Émilienne d’Alençon une des trois grâces de Paris. Elle partage ce surnom avec Liane de Pougy et la Belle Otero . En effet ces courtisanes furent les plus en vue de Paris à la Belle Epoque et animèrent considérablement les soirées parisiennes.

Émilienne d’Alençon naît à Paris en 1869 dans un immeuble modeste de la rue des martyrs. Sa mère, la mère André est concierge et déjà donné la vie à deux garçons. Le père a « pris le large » et Émilienne écrit dans son journal : Il réapparaissait de temps à autres…Le bec enfariné et la bouche en cœur. La loge est petite, Émilienne dort avec sa mère dans un mauvais lit et ses frères dorment sur une paillasse.

Émilienne se réfugie alors chez sa tante qui tient une blanchisserie. Là, la fillette s’extasie devant les jupons et les dentelles et vit dans un univers de fanfreluches. A 15 ans, Émilienne est une beauté originale qui a du chien dirait-on. Elle est repérée par un journaliste du Gil Blas qui a déjà lancé Louise Weber, La Goulue : Charles Desteuque. Ce dernier reçoit les demi-mondaines dans son appartement.

Un jour Émilienne se présente sur l’invitation de Desteuque vêtue d’une robe ornée de dentelles d’Alençon. Sa beauté et sa robe firent sensation, on lui donna son surnom de guerre Émilienne d’Alençon. Elle entre au conservatoire mais les classiques l’ennuient d’autant qu’elle a très peu fréquenté l’école. Elle prend alors des cours d’orthographe et de grammaire et Abel Tarride l’engage dans sa troupe. Ce dernier organise une tournée où Émilienne joue le rôle de soubrette. De retour à Paris Charles Desteuque lui met le pied à l’étrier. Là voilà dans un numéro de dompteuse de lapin au cirque d’été, parée d’un juste-au-corps couleur peau.

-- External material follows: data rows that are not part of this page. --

lemma var_modular_le_1_of_le_quarter_sum:
  assumes [measurable]: "p \<in> borel_measurable lebesgue" "E \<in> sets lebesgue" "u \<in> borel_measurable lebesgue"
    and p1: "\<forall>y. 1 \<le> p y"
    and g: "var_modular p E g \<le> 1" and u: "var_modular p E u \<le> 1"
    and h: "AE y in lebesgue. y \<in> E \<longrightarrow> \<bar>h y\<bar> \<le> (\<bar>g y\<bar> + \<bar>u y\<bar>) / 4"
  shows "var_modular p E h \<le> 1"
proof -
  let ?half = "ennreal (1 / 2)"
  have "AE y in lebesgue. indicator E y * ennreal (\<bar>h y\<bar> powr p y) \<le>
      ?half * (indicator E y * ennreal (\<bar>g y\<bar> powr p y)) + ?half * (indicator E y * ennreal (\<bar>u y\<bar> powr p y))"
    using h
  proof eventually_elim
    case (elim y)
    show ?case
    proof (cases "y \<in> E")
      case True
      then have "\<bar>h y\<bar> powr p y \<le> \<bar>g y\<bar> powr p y / 2 + \<bar>u y\<bar> powr p y / 2"
        using elim p1 by (intro powr_le_half_sum_of_le_quarter) auto
      then have "ennreal (\<bar>h y\<bar> powr p y) \<le> ennreal (1 / 2 * \<bar>g y\<bar> powr p y) + ennreal (1 / 2 * \<bar>u y\<bar> powr p y)"
        by (simp add: ennreal_plus[symmetric] del: ennreal_plus)
      also have "\<dots> = ?half * ennreal (\<bar>g y\<bar> powr p y) + ?half * ennreal (\<bar>u y\<bar> powr p y)"
        by (simp only: ennreal_mult powr_ge_zero)
      finally show ?thesis using True by simp
    qed simp
  qed
  then have "var_modular p E h \<le>
      (\<integral>\<^sup>+y. ?half * (indicator E y * ennreal (\<bar>g y\<bar> powr p y)) + ?half * (indicator E y * ennreal (\<bar>u y\<bar> powr p y)) \<partial>lebesgue)"
    unfolding var_modular_def by (rule nn_integral_mono_AE)
  also have "\<dots> \<le> (\<integral>\<^sup>+y. ?half * (indicator E y * ennreal (\<bar>g y\<bar> powr p y)) \<partial>lebesgue) +
      (\<integral>\<^sup>+y. ?half * (indicator E y * ennreal (\<bar>u y\<bar> powr p y)) \<partial>lebesgue)"
    by (rule nn_integral_add_le) measurable
  also have "\<dots> \<le> ?half * var_modular p E g + ?half * var_modular p E u"
    unfolding var_modular_def by (intro add_mono nn_integral_cmult_le ennreal_less_top)
  also have "\<dots> \<le> ?half * 1 + ?half * 1"
    using g u by (intro add_mono mult_left_mono) auto
  also have "\<dots> = 1" using ennreal_plus[of "1/2" "1/2"] by simp
  finally show ?thesis .
qed

lemma var_norm_le_add_const:
  assumes [measurable]: "p \<in> borel_measurable lebesgue" "E \<in> sets lebesgue" "v \<in> borel_measurable lebesgue"
    and p1: "\<forall>y. 1 \<le> p y" and L: "0 \<le> L"
    and h: "AE y in lebesgue. y \<in> E \<longrightarrow> \<bar>h y\<bar> \<le> \<bar>g y\<bar> + L * \<bar>v y\<bar>"
  shows "var_norm p E h \<le> 4 * (var_norm p E g + ennreal L * var_norm p E v)"
proof (rule var_norm_le_intro)
  fix l :: real assume l: "0 < l" "4 * (var_norm p E g + ennreal L * var_norm p E v) < ennreal l"
  have p0: "\<forall>y. 0 \<le> p y" using p1 by (auto intro: order_trans[OF zero_le_one])
  have "4 * (var_norm p E g + ennreal L * var_norm p E v) < top"
    using l(2) by (rule order.strict_trans) simp
  then have "var_norm p E g < top" "ennreal L * var_norm p E v < top"
    by (auto simp: ennreal_mult_less_top)
  then obtain a b where ab: "var_norm p E g = ennreal a" "ennreal L * var_norm p E v = ennreal b" "0 \<le> a" "0 \<le> b"
    unfolding less_top_ennreal by auto
  have "ennreal (4 * (a + b)) = 4 * (ennreal a + ennreal b)" using ab by (simp add: ennreal_mult ennreal_plus)
  then have "ennreal (4 * (a + b)) < ennreal l" using l(2) ab by simp
  then have "4 * (a + b) < l" using ab by (subst (asm) ennreal_less_iff) auto
  then have a: "a < l / 4" and b: "b < l / 4" using ab by auto
  have g: "var_modular p E (\<lambda>y. g y / (l / 4)) \<le> 1"
    using a ab l by (intro var_modular_le_1_of_var_norm_less[OF _ _ p0]) (simp_all add: ennreal_less_iff)
  have "var_norm p E (\<lambda>y. L * v y) \<le> ennreal b"
    using var_norm_cmult_le[OF L p0, of E v] ab by simp
  also have "ennreal b < ennreal (l / 4)" using b ab by (simp add: ennreal_less_iff)
  finally have v: "var_modular p E (\<lambda>y. L * v y / (l / 4)) \<le> 1"
    using l by (intro var_modular_le_1_of_var_norm_less[OF _ _ p0]) auto
  have hgv: "AE y in lebesgue. y \<in> E \<longrightarrow> \<bar>h y / l\<bar> \<le> (\<bar>g y / (l / 4)\<bar> + \<bar>L * v y / (l / 4)\<bar>) / 4"
    using h
  proof eventually_elim
    case (elim y)
    have eq: "(\<bar>g y / (l / 4)\<bar> + \<bar>L * v y / (l / 4)\<bar>) / 4 = (\<bar>g y\<bar> + L * \<bar>v y\<bar>) / l"
      using l L by (simp add: abs_mult add_divide_distrib)
    show ?case unfolding eq using elim l by (auto simp: abs_divide intro!: divide_right_mono)
  qed
  show "var_modular p E (\<lambda>y. h y / l) \<le> 1"
    by (rule var_modular_le_1_of_le_quarter_sum[OF _ _ _ p1 g v hgv]) measurable
qed

lemma exponent_PD:
  assumes "exponent_P p"
  shows "p \<in> borel_measurable lebesgue" "\<forall>y. 1 \<le> p y" "AE y in lebesgue. 1 < p y" "\<forall>y. 0 \<le> p y"
proof -
  show "p \<in> borel_measurable lebesgue" "\<forall>y. 1 \<le> p y" using assms by (auto simp: exponent_P_def)
  then show "\<forall>y. 0 \<le> p y" by (auto intro: order_trans[OF zero_le_one])
  from assms obtain pm pM where "1 < pm" "AE x in lebesgue. pm \<le> p x \<and> p x \<le> pM"
    by (auto simp: exponent_P_def)
  then show "AE y in lebesgue. 1 < p y" by (auto elim!: eventually_mono)
qed

lemma conj_exp_nonneg: "\<forall>y. 1 \<le> p y \<Longrightarrow> \<forall>y. 0 \<le> conj_exp p y"
  unfolding conj_exp_def by (metis diff_ge_0_iff_ge divide_nonneg_nonneg order.trans zero_le_one)

lemma exponent_P_conj_exp:
  assumes "exponent_P p"
  shows "conj_exp p \<in> borel_measurable lebesgue" "\<forall>y. 0 \<le> conj_exp p y" "AE y in lebesgue. 1 \<le> conj_exp p y"
proof -
  note e = exponent_PD[OF assms]
  have [measurable]: "p \<in> borel_measurable lebesgue" by (fact e(1))
  show "conj_exp p \<in> borel_measurable lebesgue" unfolding conj_exp_def by measurable
  show "\<forall>y. 0 \<le> conj_exp p y" by (rule conj_exp_nonneg[OF e(2)])
  show "AE y in lebesgue. 1 \<le> conj_exp p y" using e(3)
    by (auto elim!: eventually_mono simp: conj_exp_def field_simps)
qed

lemma nn_integral_mult_le_of_var_modular:
  assumes [measurable]: "p \<in> borel_measurable lebesgue" "E \<in> sets lebesgue"
    "f \<in> borel_measurable lebesgue" "g \<in> borel_measurable lebesgue"
    and pae: "AE y in lebesgue. 1 < p y" and l: "0 < l1" "0 < l2"
    and f: "var_modular p E (\<lambda>y. f y / l1) \<le> 1" and g: "var_modular (conj_exp p) E (\<lambda>y. g y / l2) \<le> 1"
  shows "(\<integral>\<^sup>+y. indicator E y * ennreal \<bar>f y * g y\<bar> \<partial>lebesgue) \<le> ennreal (2 * l1 * l2)"
proof -
  have [measurable]: "conj_exp p \<in> borel_measurable lebesgue" unfolding conj_exp_def by measurable
  let ?u = "\<lambda>y. \<bar>f y / l1 * (g y / l2)\<bar>"
  have "(\<integral>\<^sup>+y. indicator E y * ennreal \<bar>f y * g y\<bar> \<partial>lebesgue)
      = (\<integral>\<^sup>+y. ennreal (l1 * l2) * (indicator E y * ennreal (?u y)) \<partial>lebesgue)"
    using l by (intro nn_integral_cong) (simp add: abs_mult abs_divide ennreal_mult[symmetric] mult_ac)
  also have "\<dots> = ennreal (l1 * l2) * (\<integral>\<^sup>+y. indicator E y * ennreal (?u y) \<partial>lebesgue)"
    by (rule nn_integral_cmult) measurable
  also have "(\<integral>\<^sup>+y. indicator E y * ennreal (?u y) \<partial>lebesgue) \<le>
      (\<integral>\<^sup>+y. indicator E y * ennreal (\<bar>f y / l1\<bar> powr p y) + indicator E y * ennreal (\<bar>g y / l2\<bar> powr conj_exp p y) \<partial>lebesgue)"
    using pae
  proof (intro nn_integral_mono_AE, eventually_elim)
    case (elim y)
    have "?u y \<le> \<bar>f y / l1\<bar> powr p y + \<bar>g y / l2\<bar> powr conj_exp p y"
      using young_ineq_crude[of "\<bar>f y / l1\<bar>" "\<bar>g y / l2\<bar>" "p y"] elim by (simp add: abs_mult conj_exp_def)
    then have "ennreal (?u y) \<le> ennreal (\<bar>f y / l1\<bar> powr p y) + ennreal (\<bar>g y / l2\<bar> powr conj_exp p y)"
      by (simp add: ennreal_plus[symmetric] del: ennreal_plus)
    then show ?case by (auto split: split_indicator)
  qed
  also have "\<dots> = var_modular p E (\<lambda>y. f y / l1) + var_modular (conj_exp p) E (\<lambda>y. g y / l2)"
    unfolding var_modular_def by (rule nn_integral_add) measurable
  also have "\<dots> \<le> 2" using f g by (metis add_mono one_add_one)
  also have "ennreal (l1 * l2) * 2 = ennreal (2 * l1 * l2)"
    using l by (simp add: ennreal_mult mult_ac)
  finally show ?thesis by (simp add: mult_left_mono)
qed

lemma var_norm_Hoelder:
  assumes [measurable]: "p \<in> borel_measurable lebesgue" "E \<in> sets lebesgue"
    "f \<in> borel_measurable lebesgue" "g \<in> borel_measurable lebesgue"
    and p1: "\<forall>y. 1 \<le> p y" and pae: "AE y in lebesgue. 1 < p y"
    and nf: "var_norm p E f < top" and ng: "var_norm (conj_exp p) E g < top"
  shows "(\<integral>\<^sup>+y. indicator E y * ennreal \<bar>f y * g y\<bar> \<partial>lebesgue) \<le> 2 * var_norm p E f * var_norm (conj_exp p) E g"
proof -
  have p0: "\<forall>y. 0 \<le> p y" using p1 by (auto intro: order_trans[OF zero_le_one])
  obtain n1 where n1: "var_norm p E f = ennreal n1" "0 \<le> n1" using nf unfolding less_top_ennreal by blast
  obtain n2 where n2: "var_norm (conj_exp p) E g = ennreal n2" "0 \<le> n2" using ng unfolding less_top_ennreal by blast
  let ?I = "(\<integral>\<^sup>+y. indicator E y * ennreal \<bar>f y * g y\<bar> \<partial>lebesgue)"
  have scales: "?I \<le> ennreal (2 * l1 * l2)" if "n1 < l1" "n2 < l2" for l1 l2
    using that n1 n2 conj_exp_nonneg[OF p1] pae p0
    by (intro nn_integral_mult_le_of_var_modular pae var_modular_le_1_of_var_norm_less p0)
      (auto simp: ennreal_less_iff)
  show ?thesis
  proof (rule ennreal_le_epsilon)
    fix e :: real assume "0 < e"
    with n1 n2 obtain d where d: "0 < d" "2 * (n1 + d) * (n2 + d) \<le> 2 * n1 * n2 + e"
      by (blast elim: perturbed_product_le)
    have "?I \<le> ennreal (2 * (n1 + d) * (n2 + d))" using scales[of "n1 + d" "n2 + d"] d by simp
    also have "\<dots> \<le> ennreal (2 * n1 * n2 + e)" using d by (intro ennreal_leI)
    also have "\<dots> = 2 * var_norm p E f * var_norm (conj_exp p) E g + ennreal e"
      using n1 n2 \<open>0 < e\<close> by (simp add: ennreal_plus ennreal_mult)
    finally show "?I \<le> 2 * var_norm p E f * var_norm (conj_exp p) E g + ennreal e" .
  qed
qed

lemma exists_level_set_emeasure_pos:
  fixes w :: "'a::euclidean_space \<Rightarrow> real"
  assumes [measurable]: "w \<in> borel_measurable lebesgue" "E \<in> sets lebesgue"
    and wpos: "\<forall>y. 0 < w y" and Epos: "0 < emeasure lebesgue E"
  obtains \<delta> where "0 < \<delta>" "0 < emeasure lebesgue {y \<in> space lebesgue. y \<in> E \<and> \<delta> \<le> w y}"
proof -
  define Ek where "Ek k = {y \<in> space lebesgue. y \<in> E \<and> 1 / real (Suc k) \<le> w y}" for k
  have [measurable]: "Ek k \<in> sets lebesgue" for k unfolding Ek_def by measurable
  have "E = (\<Union>k. Ek k)"
  proof (intro antisym subsetI)
    fix y assume "y \<in> E"
    obtain k where "inverse (real (Suc k)) < w y" using reals_Archimedean wpos by blast
    then show "y \<in> (\<Union>k. Ek k)" using \<open>y \<in> E\<close> by (auto simp: Ek_def inverse_eq_divide intro!: exI[of _ k])
  qed (auto simp: Ek_def)
  moreover have "range Ek \<subseteq> sets lebesgue" by auto
  ultimately obtain k where "emeasure lebesgue (Ek k) \<noteq> 0"
    using Epos emeasure_UN_eq_0[of lebesgue Ek] by (metis less_irrefl)
  then show thesis by (intro that[of "1 / real (Suc k)"]) (auto simp: Ek_def zero_less_iff_neq_zero)
qed

lemma var_modular_ge_level_set:
  fixes w :: "'a::euclidean_space \<Rightarrow> real"
  assumes [measurable]: "w \<in> borel_measurable lebesgue" "E \<in> sets lebesgue"
    and qae: "AE y in lebesgue. 1 \<le> q y" and l: "0 < l" "l \<le> \<delta>"
  shows "ennreal (\<delta> / l) * emeasure lebesgue {y \<in> space lebesgue. y \<in> E \<and> \<delta> \<le> w y}
    \<le> var_modular q E (\<lambda>y. w y / l)"
proof -
  let ?A = "{y \<in> space lebesgue. y \<in> E \<and> \<delta> \<le> w y}"
  have "ennreal (\<delta> / l) * emeasure lebesgue ?A = (\<integral>\<^sup>+y. ennreal (\<delta> / l) * indicator ?A y \<partial>lebesgue)"
    by (simp add: nn_integral_cmult_indicator)
  also have "\<dots> \<le> var_modular q E (\<lambda>y. w y / l)"
    unfolding var_modular_def using qae
  proof (intro nn_integral_mono_AE, eventually_elim)
    case (elim y)
    show ?case
    proof (cases "y \<in> ?A")
      case True
      then have "1 \<le> \<delta> / l" "\<delta> / l \<le> \<bar>w y / l\<bar>" using l by (auto intro!: divide_right_mono)
      moreover have "\<bar>w y / l\<bar> powr 1 \<le> \<bar>w y / l\<bar> powr q y"
        using elim calculation by (intro powr_mono) auto
      ultimately have "\<delta> / l \<le> \<bar>w y / l\<bar> powr q y" by simp
      then show ?thesis using True by (simp add: ennreal_leI)
    qed simp
  qed
  finally show ?thesis .
qed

C’est là que le duc d’Uzès la remarque : il deviendront amant et continue son éducation dans l’espoir qu’elle devienne son épouse. Mais la famille s’offusque de cette liaison et craint pour le capital familial. Aussi, le duc est envoyé au Congo où il mourra de dysenterie en 1893. A la comédie, elle se lie avec Émile Célestin Duard qui lui donnera une fille, Marthe, dont elle ne s’occupera jamais. Émilienne est une croqueuse d’hommes, et on lui connaît de nombreux amants. Parmi eux on peut compter le prince de Galles, le kaiser Guillaume II, le roi Léopold II ou Jacques Henessy, le roi du cognac.

Mais Émilienne aime aussi les femmes. On lui connaît une relation avec la Goulue, mais aussi Renée Vivien qui lui écrit de très beaux poèmes. En effet, Émilienne adorait la poésie et était férue de littérature. Elle sera aussi la maîtresse de Valtesse de la Bigne puis de Liane de Pougy à qui elle écrira des poèmes : « Sous les masques ». Le Gil Blas annonce même leur mariage et l’arrivée prochaine d’un enfant. Elle jouera aussi plusieurs pièces avec une autre de ses maîtresses, Julia Seale, actrice et mime anglaise.

Par ailleurs, Émilienne d’Alençon devient une égérie de la mode. En effet, elle est l’une des premières à porter des chapeaux de Coco Chanel . Elle écrit aussi un recueil de recettes de beauté. Puis elle se passionne pour les chevaux et achète en 1906 une écurie de courses après avoir épousé le jockey Percy Woodland. Cependant elle se ruine, se sépare de Percy et tente sa chance sur la Riviera. Là elle continue à dépenser des fortunes pour ses maîtresses et aussi pour l’opium.

En 1931, elle vend à Drouot ses meubles et ses tableaux que l’on s’arrache car elle avait un goût très sûr. Puis elle meurt en 1945 à Monaco quasiment dans l’oubli et fort endettée.

Émilienne d’Alençon une des trois grâces de Paris.